I have a simple problem (hopefully!) regarding parallelizing a part of my model. I have looked around but cannot seem to find a definitive answer on how to approach this although similar questions seem to have been asked.
TLDR: How do you do a parallel for loop across multiple CPUs or GPUs in the same computer in the middle of a gradient step?
What I have is multiple additional computations which I know are embarassingly parallelizable, but compute bound. Currently, I am calculating them sequentially in a for loop within a .fit() function. These results are accumulated and then combined to produce the final loss.

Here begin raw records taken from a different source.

(* Let $\mathcal T$ be an orbital category. The monotone map $\upsilon:\mathrm{wIndSys}_{\mathcal T}\to\mathrm{Fam}_{\mathcal T}$ has a fully faithful left adjoint given by $\mathcal F\mapsto E^{\mathcal T}_{\mathcal F}\underline{\mathbb F}^0_{\mathcal F}$, the $\mathcal T$-weak indexing system whose $V$-value is $\{\emptyset_V,*_V\}$ (up to isomorphism) for $V\in\mathcal F$ and $\emptyset$ otherwise.
   Context: For a small category $\mathcal T$, $\mathbb F_{\mathcal T}$ is the full subcategory of $\mathrm{Fun}(\mathcal T^{op},\mathrm{Set})$ on finite coproducts of representables; $\mathcal T$ is orbital if $\mathbb F_{\mathcal T}$ has pullbacks. $\mathbb F_V:=\mathbb F_{\mathcal T,/V}$, $*_V$ terminal, $\emptyset_V$ initial; for $U\to V$, $\mathrm{Res}^V_U$ is pullback and $\mathrm{Ind}^V_U$ postcomposition. A full $\mathcal T$-subcategory assigns isomorphism-closed classes $\mathcal C_V\subseteq\mathrm{Ob}\,\mathbb F_V$ stable under restriction. For $S\in\mathbb F_V$ with orbits $U$ and $T_U\in\mathbb F_U$, $\coprod_U^ST_U:=\coprod_U\mathrm{Ind}_U^VT_U$. A $\mathcal T$-weak indexing system is a full $\mathcal T$-subcategory with $\mathcal C_V\neq\emptyset\Rightarrow *_V\in\mathcal C_V$ and closed under $\coprod^S_UT_U$ for $S\in\mathcal C_V$, $T_U\in\mathcal C_U$; $\mathrm{wIndSys}_{\mathcal T}$ is their poset under inclusion. A $\mathcal T$-family is a full subcategory $\mathcal F$ with $V\to W$, $W\in\mathcal F\Rightarrow V\in\mathcal F$; $\mathrm{Fam}_{\mathcal T}$ their poset. $\upsilon(\mathcal C)=\{V\mid\emptyset_V\in\mathcal C_V\}$. A monotone map $L$ is left adjoint to $\pi$ if $L(x)\le y\iff x\le\pi(y)$; fully faithful means order-reflecting. *)

theory Defs
  imports Main
begin

text \<open>A small category T: object set, hom-sets, identities, composition
  (cComp T g f is "g after f").\<close>
record ('o,'m) cat =
  cOb :: "'o set"
  cHom :: "'o \<Rightarrow> 'o \<Rightarrow> 'm set"
  cId :: "'o \<Rightarrow> 'm"
  cComp :: "'m \<Rightarrow> 'm \<Rightarrow> 'm"
lemma edge_among_four:
  assumes "{a,b,c,d} \<subseteq> {..<n}" "distinct [a,b,c,d]"
  shows "{a,b,c} \<in> E \<or> {a,b,d} \<in> E \<or> {a,c,d} \<in> E \<or> {b,c,d} \<in> E"
proof -
  have "card {a,b,c,d} = 4" using assms(2) by simp
  then have "card {e \<in> E. e \<subseteq> {a,b,c,d}} \<noteq> 0"
    using card_edges_in_4set(1) assms(1) by blast
  then show ?thesis unfolding edges_in_4set[OF assms] by auto
qed

lemma fourth_edge:
  assumes "distinct [a,b,c,d]" "{a,b,c} \<in> E" "{a,b,d} \<in> E" "{a,c,d} \<in> E"
  shows "{b,c,d} \<in> E"
proof (rule ccontr)
  assume "{b,c,d} \<notin> E"
  have "{a,b,c,d} \<subseteq> {..<n}" using assms(2,4) edge_vertex_lt by blast
  moreover have "card {a,b,c,d} = 4" using assms(1) by simp
  ultimately have "card {e \<in> E. e \<subseteq> {a,b,c,d}} \<noteq> 3"
    by (rule card_edges_in_4set(2))
  moreover have "{e \<in> E. e \<subseteq> {a,b,c,d}} = {{a,b,c},{a,b,d},{a,c,d}}"
    unfolding edges_in_4set[OF \<open>{a,b,c,d} \<subseteq> {..<n}\<close> assms(1)]
    using assms(2-4) \<open>{b,c,d} \<notin> E\<close> by auto
  moreover have "card {{a,b,c},{a,b,d},{a,c,d}} = 3"
  proof -
    have "d \<notin> {a,b,c}" "c \<notin> {a,b,d}" "b \<notin> {a,c,d}" using assms(1) by auto
    then have "{a,b,c} \<noteq> {a,b,d}" "{a,b,c} \<noteq> {a,c,d}" "{a,b,d} \<noteq> {a,c,d}" by blast+
    then show ?thesis by simp
  qed
  ultimately show False by simp
qed

lemma edge_link_closed:
  assumes "distinct [p,u,v,w]" "{u,v,w} \<in> E" "{p,u,v} \<in> E" "{p,u,w} \<in> E"
  shows "{p,v,w} \<in> E"
proof -
  have "{u,p,v} \<in> E" "{u,p,w} \<in> E" using assms(3,4) by (simp_all add: insert_commute)
  then show ?thesis using fourth_edge[of u p v w] assms(1,2) by auto
qed

lemma link_transfer:
  assumes "distinct [u,v,w]" "p \<notin> {u,v,w}" "q \<notin> {u,v,w}"
    and "{p,u,v} \<in> E" "{p,u,w} \<in> E" "{p,v,w} \<in> E" "{q,u,v} \<in> E" "{q,u,w} \<in> E"
  shows "{q,v,w} \<in> E"
proof -
  have "{u,v,w} \<in> E" using fourth_edge[of p u v w] assms by auto
  then show ?thesis using edge_link_closed[of q u v w] assms by auto
qed

lemma clique_card_le:
  assumes "T \<subseteq> {..<n}"
    and "\<And>x y z. x \<in> T \<Longrightarrow> y \<in> T \<Longrightarrow> z \<in> T \<Longrightarrow> distinct [x,y,z] \<Longrightarrow> {x,y,z} \<in> E"
  shows "card T \<le> h"
proof -
  have "homogeneous 3 E T"
    unfolding homogeneous_def
  proof (rule disjI1, intro allI impI)
    fix e assume "e \<subseteq> T \<and> card e = 3"
    then obtain x y z where "e = {x,y,z}" "distinct [x,y,z]" "x \<in> T" "y \<in> T" "z \<in> T"
      by (auto simp: card_3_iff)
    then show "e \<in> E" using assms(2) by blast
  qed
  moreover have "finite {card S | S. S \<subseteq> {..<n} \<and> homogeneous 3 E S}"
    by (rule finite_subset[of _ "card ` Pow {..<n}"]) auto
  ultimately show ?thesis unfolding h_def hom_number_def using assms(1)
    by (intro Max_ge) auto
qed

lemma link_clique_card_less:
  assumes "p < n" "S \<subseteq> {..<n} - {p}"
    and link: "\<And>u v. u \<in> S \<Longrightarrow> v \<in> S \<Longrightarrow> u \<noteq> v \<Longrightarrow> {p,u,v} \<in> E"
  shows "card S < h"
proof -
  have "card (insert p S) \<le> h"
  proof (rule clique_card_le)
    show "insert p S \<subseteq> {..<n}" using assms(1,2) by auto
  next
    fix x y z assume xyz: "x \<in> insert p S" "y \<in> insert p S" "z \<in> insert p S" "distinct [x,y,z]"
    show "{x,y,z} \<in> E"
    proof (cases "p \<in> {x,y,z}")
      case True
      then consider "x = p" | "y = p" | "z = p" by blast
      then show ?thesis
      proof cases
        case 1
        then show ?thesis using xyz link[of y z] by auto
      next
        case 2
        then have "{x,y,z} = {p,x,z}" by auto
        then show ?thesis using xyz 2 link[of x z] by auto
      next
        case 3
        then have "{x,y,z} = {p,x,y}" by auto
        then show ?thesis using xyz 3 link[of x y] by auto
      qed
    next
      case False
      then show ?thesis using fourth_edge[of p x y z] link xyz by auto
    qed
  qed
  moreover have "p \<notin> S" "finite S" using assms(2) finite_subset by auto
  ultimately show ?thesis by simp
qed

end

locale vertex_pair = Q_free_3graph +
  fixes a b :: nat
  assumes a_lt: "a < n" and b_lt: "b < n" and a_ne_b: "a \<noteq> b"
begin

definition Y :: "nat set" where "Y = {v. v < n \<and> v \<noteq> a \<and> v \<noteq> b \<and> {a,b,v} \<notin> E}"
definition A :: "nat \<Rightarrow> nat \<Rightarrow> bool" where "A u v \<longleftrightarrow> {a,u,v} \<in> E"
definition B :: "nat \<Rightarrow> nat \<Rightarrow> bool" where "B u v \<longleftrightarrow> {b,u,v} \<in> E"
definition AB :: "nat \<Rightarrow> nat \<Rightarrow> bool" where "AB u v \<longleftrightarrow> A u v \<and> B u v"

lemma Y_memD: "v \<in> Y \<Longrightarrow> v < n \<and> v \<noteq> a \<and> v \<noteq> b"
  by (simp add: Y_def)

lemma finite_Y: "finite Y"
  by (simp add: Y_def)

lemma A_commute: "A u v = A v u" and B_commute: "B u v = B v u"
  by (simp_all add: A_def B_def insert_commute)

lemma AB_sym: "AB u v \<Longrightarrow> AB v u"
  by (simp add: AB_def A_commute B_commute)

lemma A_or_B: "u \<in> Y \<Longrightarrow> v \<in> Y \<Longrightarrow> u \<noteq> v \<Longrightarrow> A u v \<or> B u v"
  using edge_among_four[of a b u v] a_lt b_lt a_ne_b by (auto simp: Y_def A_def B_def)

lemma AB_trans:
  assumes "u \<in> Y" "v \<in> Y" "w \<in> Y" "distinct [u,v,w]" "AB u v" "AB u w"
  shows "AB v w"
proof -
  have ab: "a \<notin> {u,v,w}" "b \<notin> {u,v,w}" using assms(1-3) Y_memD by auto
  have "A v w"
  proof (rule ccontr)
    assume "\<not> A v w"
    then have "B v w" using A_or_B assms(2-4) by auto
    then show False
      using link_transfer[of u v w b a] \<open>\<not> A v w\<close> ab assms(4-6) by (auto simp: AB_def A_def B_def)
  qed
  moreover have "B v w"
  proof (rule ccontr)
    assume "\<not> B v w"
    then have "A v w" using A_or_B assms(2-4) by auto
    then show False
      using link_transfer[of u v w a b] \<open>\<not> B v w\<close> ab assms(4-6) by (auto simp: AB_def A_def B_def)
  qed
  ultimately show ?thesis by (simp add: AB_def)
qed

lemma A_clique_card_less:
  "S \<subseteq> Y \<Longrightarrow> (\<And>u v. u \<in> S \<Longrightarrow> v \<in> S \<Longrightarrow> u \<noteq> v \<Longrightarrow> A u v) \<Longrightarrow> card S < h"
  using link_clique_card_less[of a S] a_lt unfolding A_def Y_def by blast

lemma B_clique_card_less:
  "S \<subseteq> Y \<Longrightarrow> (\<And>u v. u \<in> S \<Longrightarrow> v \<in> S \<Longrightarrow> u \<noteq> v \<Longrightarrow> B u v) \<Longrightarrow> card S < h"
  using link_clique_card_less[of b S] b_lt unfolding B_def Y_def by blast

lemma AB_class_card_less:
  assumes "y \<in> Y"
  shows "card {z \<in> Y. z = y \<or> AB y z} < h"
proof (rule A_clique_card_less)
  fix u v assume uv: "u \<in> {z \<in> Y. z = y \<or> AB y z}" "v \<in> {z \<in> Y. z = y \<or> AB y z}"
    "u \<noteq> v"
  consider "u = y" | "v = y" | "u \<noteq> y" "v \<noteq> y" by blast
  then show "A u v"
  proof cases
    case 1
    then show ?thesis using uv by (simp add: AB_def)
  next
    case 2
    then show ?thesis using uv A_commute[of u v] by (simp add: AB_def)
  next
    case 3
    then show ?thesis using AB_trans[of y u v] uv assms by (simp add: AB_def)
  qed
qed auto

A code sketch is as follows:
for i in range(epochs): self.optimizer.zero_grad() loss = self.fit_get_loss() loss.backward(retain_graph=False) def fit_get_loss(): # This is the for loop to parallelize total_loss = 0 for j in range(self.N_extra_models): m1 = self.extra_models_1[j] m2 = self.extra_models_2[j] loss1 = m1.fit_get_loss(with_grad=True) loss2 = m2.fit_get_loss(with_grad=True) total_loss = total_loss + loss1 + loss2 return total_loss
I would like to distribute the computation across many CPUs (e.g. a workstation with 20 cores) such that , for example, i have 20 of those j iterations occuring in parallel and I just accumulate the loss value. This is preferrable to do on CPU given the hardware I currently have available. However I am also keen to know how to apply the sample problem to multiple GPUs.
Actually, the real problem I have is more complicated than the above, and I need to re-use the extra_models but I think the above is the simplest form of what i’m trying to achieve. The extension of the problem is that I would like to access the updated fitted values for each of those extra_models within the main optimization loop call.